このように世界から世界へ$${xとy}$$の性質を入れ替えていけば世界$${w_n}$$での$${x}$$の性質がもともとの世界$${w_1}$$での$${y}$$の性質になるような世界$${w_n}$$に行き着くだろう。また世界$${w_n}$$での$${y}$$の性質は世界$${w_1}$$での$${x}$$の性質になっている。
このとき世界$${w_1}$$での$${x}$$は$${w_n}$$での$${y}$$と同一である(不可識別者同一の原理より)。逆も同様。しかし、世界的指標によるとどんな世界の$${x}$$もその直前の世界の$${x}$$と同一であるはずでこれは矛盾である。

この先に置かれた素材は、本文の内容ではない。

lemma norm_Blaschke_numerator_eq:
  fixes a w :: complex
  assumes "norm w = R"
  shows "norm (of_real (R\<^sup>2) - cnj a * w) = R * norm (w - a)"
proof -
  have "of_real (R\<^sup>2) = w * cnj w" using complex_norm_square[of w] assms by simp
  hence "of_real (R\<^sup>2) - cnj a * w = w * cnj (w - a)" by (simp add: algebra_simps)
  thus ?thesis using assms by (simp only: norm_mult complex_mod_cnj)
qed

lemma holomorphic_divide_zero:
  fixes g :: "complex \<Rightarrow> complex"
  assumes hol: "g holomorphic_on S" and S: "open S" "connected S"
    and a: "a \<in> S" "g a = 0" and nonzero: "\<exists>w\<in>S. g w \<noteq> 0"
  obtains m g1 where "0 < m" "g1 holomorphic_on S" "g1 a \<noteq> 0"
    "\<And>w. w \<in> S \<Longrightarrow> g w = (w - a) ^ m * g1 w"
proof -
  have nonconst: "\<not> g constant_on S"
    using nonzero a unfolding constant_on_def by metis
  obtain h r m where hrm: "0 < m" "0 < r" "ball a r \<subseteq> S" "h holomorphic_on ball a r"
      "\<And>w. w \<in> ball a r \<Longrightarrow> g w = (w - a)^m * h w" "\<And>w. w \<in> ball a r \<Longrightarrow> h w \<noteq> 0"
    using holomorphic_factor_zero_nonconstant[OF hol S a nonconst] by metis
  define g1 where "g1 w = (if w = a then h a else g w / (w - a) ^ m)" for w
  have "g1 holomorphic_on ball a r"
    by (rule holomorphic_transform[OF hrm(4)]) (use hrm(5) in \<open>simp add: g1_def\<close>)
  moreover have "g1 holomorphic_on (S - {a})"
    by (rule holomorphic_transform[where f="\<lambda>w. g w / (w - a) ^ m"])
       (use hol in \<open>auto simp: g1_def intro!: holomorphic_intros elim: holomorphic_on_subset\<close>)
  ultimately have "g1 holomorphic_on (ball a r \<union> (S - {a}))"
    by (intro holomorphic_on_Un) (auto intro: open_Diff S(1))
  moreover have "ball a r \<union> (S - {a}) = S" using hrm(2,3) by auto
  moreover have "g w = (w - a) ^ m * g1 w" if "w \<in> S" for w
    using a(2) hrm(1) by (cases "w = a") (simp_all add: g1_def)
  ultimately show thesis using hrm(1,2,6) by (intro that[of m g1]) (auto simp: g1_def)
qed

lemma Blaschke_numerator_nonzero:
  fixes a w :: complex
  assumes "norm a < R" and "norm w \<le> R"
  shows "of_real (R\<^sup>2) - cnj a * w \<noteq> 0"
proof -
  have "0 < R" using assms(1) norm_ge_zero[of a] by linarith
  have "norm a * norm w \<le> norm a * R" using assms(2) by (simp add: mult_left_mono)
  also have "\<dots> < R * R" using assms(1) \<open>0 < R\<close> by (simp add: mult_strict_right_mono)
  finally have "norm (cnj a * w) < norm (of_real (R\<^sup>2) :: complex)"
    by (simp add: norm_mult power2_eq_square)
  thus ?thesis by auto
qed

text \<open>Replacing the factor \<open>(w - a)\<^sup>m\<close> of \<open>g\<close> by \<open>((R\<^sup>2 - cnj a w) / R)\<^sup>m\<close> divides \<open>g\<close> by a
  Blaschke factor.\<close>
lemma Blaschke_divide_zero:
  fixes g :: "complex \<Rightarrow> complex"
  assumes hol: "g holomorphic_on ball 0 R1" and "R < R1" and "0 < R"
    and a: "a \<in> ball 0 R" "g a = 0" and nonzero: "\<exists>w\<in>ball 0 R1. g w \<noteq> 0"
  obtains g2 where "g2 holomorphic_on ball 0 R1" "g2 a \<noteq> 0"
    "{w\<in>ball 0 R. g2 w = 0} = {w\<in>ball 0 R. g w = 0} - {a}"
    "\<And>w. norm w = R \<Longrightarrow> norm (g2 w) = norm (g w)"
    "\<And>z. norm z < R \<Longrightarrow> norm (g z) \<le> norm (g2 z)"
proof -
  have aS: "a \<in> ball 0 R1" using a \<open>R < R1\<close> by auto
  obtain m g1 where g1: "0 < m" "g1 holomorphic_on ball 0 R1" "g1 a \<noteq> 0"
    "\<And>w. w \<in> ball 0 R1 \<Longrightarrow> g w = (w - a) ^ m * g1 w"
    using holomorphic_divide_zero[OF hol open_ball connected_ball aS a(2) nonzero] by blast
  define c where "c w = (of_real (R\<^sup>2) - cnj a * w) / of_real R" for w
  define g2 where "g2 w = g1 w * c w ^ m" for w
  have cnz: "c w \<noteq> 0" if "norm w \<le> R" for w
    using Blaschke_numerator_nonzero[of a R w] a(1) that \<open>0 < R\<close> by (simp add: c_def)
  have in_R1: "w \<in> ball 0 R1" if "norm w \<le> R" for w :: complex using that \<open>R < R1\<close> by simp
  have g2a: "g2 a \<noteq> 0" using g1(3) cnz[of a] a(1) by (simp add: g2_def)
  have zeros: "g2 w = 0 \<longleftrightarrow> g w = 0" if "w \<in> ball 0 R" "w \<noteq> a" for w
    using g1(4)[OF in_R1] cnz[of w] that by (simp add: g2_def)
  show thesis
  proof
    show "g2 holomorphic_on ball 0 R1"
      unfolding g2_def c_def using \<open>0 < R\<close> by (intro holomorphic_intros g1(2)) auto
    show "g2 a \<noteq> 0" by (rule g2a)
    show "{w\<in>ball 0 R. g2 w = 0} = {w\<in>ball 0 R. g w = 0} - {a}"
      using g2a zeros by blast
  next
    fix w :: complex assume w: "norm w = R"
    have "norm (c w) = norm (w - a)"
      using norm_Blaschke_numerator_eq[OF w, of a] \<open>0 < R\<close> by (simp add: c_def norm_divide)
    thus "norm (g2 w) = norm (g w)"
      using g1(4)[OF in_R1] w by (simp add: g2_def norm_mult norm_power)
  next
    fix z :: complex assume z: "norm z < R"
    have "R * norm (z - a) \<le> norm (of_real (R\<^sup>2) - cnj a * z)"
      using norm_Blaschke_numerator_ge[of z R a] z a(1) \<open>0 < R\<close> by simp
    hence "norm (z - a) ^ m \<le> norm (c z) ^ m"
      using \<open>0 < R\<close> by (intro power_mono) (simp_all add: c_def norm_divide field_simps)
    thus "norm (g z) \<le> norm (g2 z)"
      using g1(4)[OF in_R1] z
      by (simp add: g2_def norm_mult norm_power mult.commute mult_left_mono)
  qed
qed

世界をまたいでも同一性が保持されるという立場を貫世界同定者という。この立場はこのテセウスの船の世界ver.とでも言えるこの交換を解決しなければならない。
「このもの性」
貫世界同定者はこの困難に立ち向かうため、「このもの性」という概念を導入した。このもの性とは世界から世界へ移動しても絶対に交換できない「私自身」のような性質があるとするものだ。上のイラストで言えば$${x,y}$$というその人自身を表すものは世界をまたいでも入れ替えられない。「このもの性」のような特権を認めれば確かに解決するが、正直歯切れの悪さも感じる。
そもそも世界から世界へかけてすべての性質を交換したなら、姿形だけでなく記憶や考え方までも交換されたはずで貫世界同定者がいうような「このもの性」は一体なにに由来するのかが不明瞭なままだ。
このように貫世界同定を擁護するには困難が多い。しかし、「私が急げば、遅刻しなかったかもしれない」のような文すら言えないのはそれはそれで不合理である*⁵。そこで貫世界同定を認めない立場を紹介して本稿を終わりたい。
対応者理論
貫世界同定を認めない立場でもっとも有名なのはD.ルイスによる対応者理論($${\textit{ counterpart theory}}$$)だろう。この理論は現実世界の私と可能世界の私は別人だが対応者(counterpart)ではあると考えるものだ。ではどのようにその対応者が決まるのか?それは現実世界と可能世界を見比べて、最も私に近い性質をもった存在を対応者と決めれば良い。その可能世界においてその対応者は他のどんなものより私に似ているはずだ。このようにルイスは現実世界と可能世界にはどんな同一性も存在せず、類似性のみがあるという対応者理論を提示した。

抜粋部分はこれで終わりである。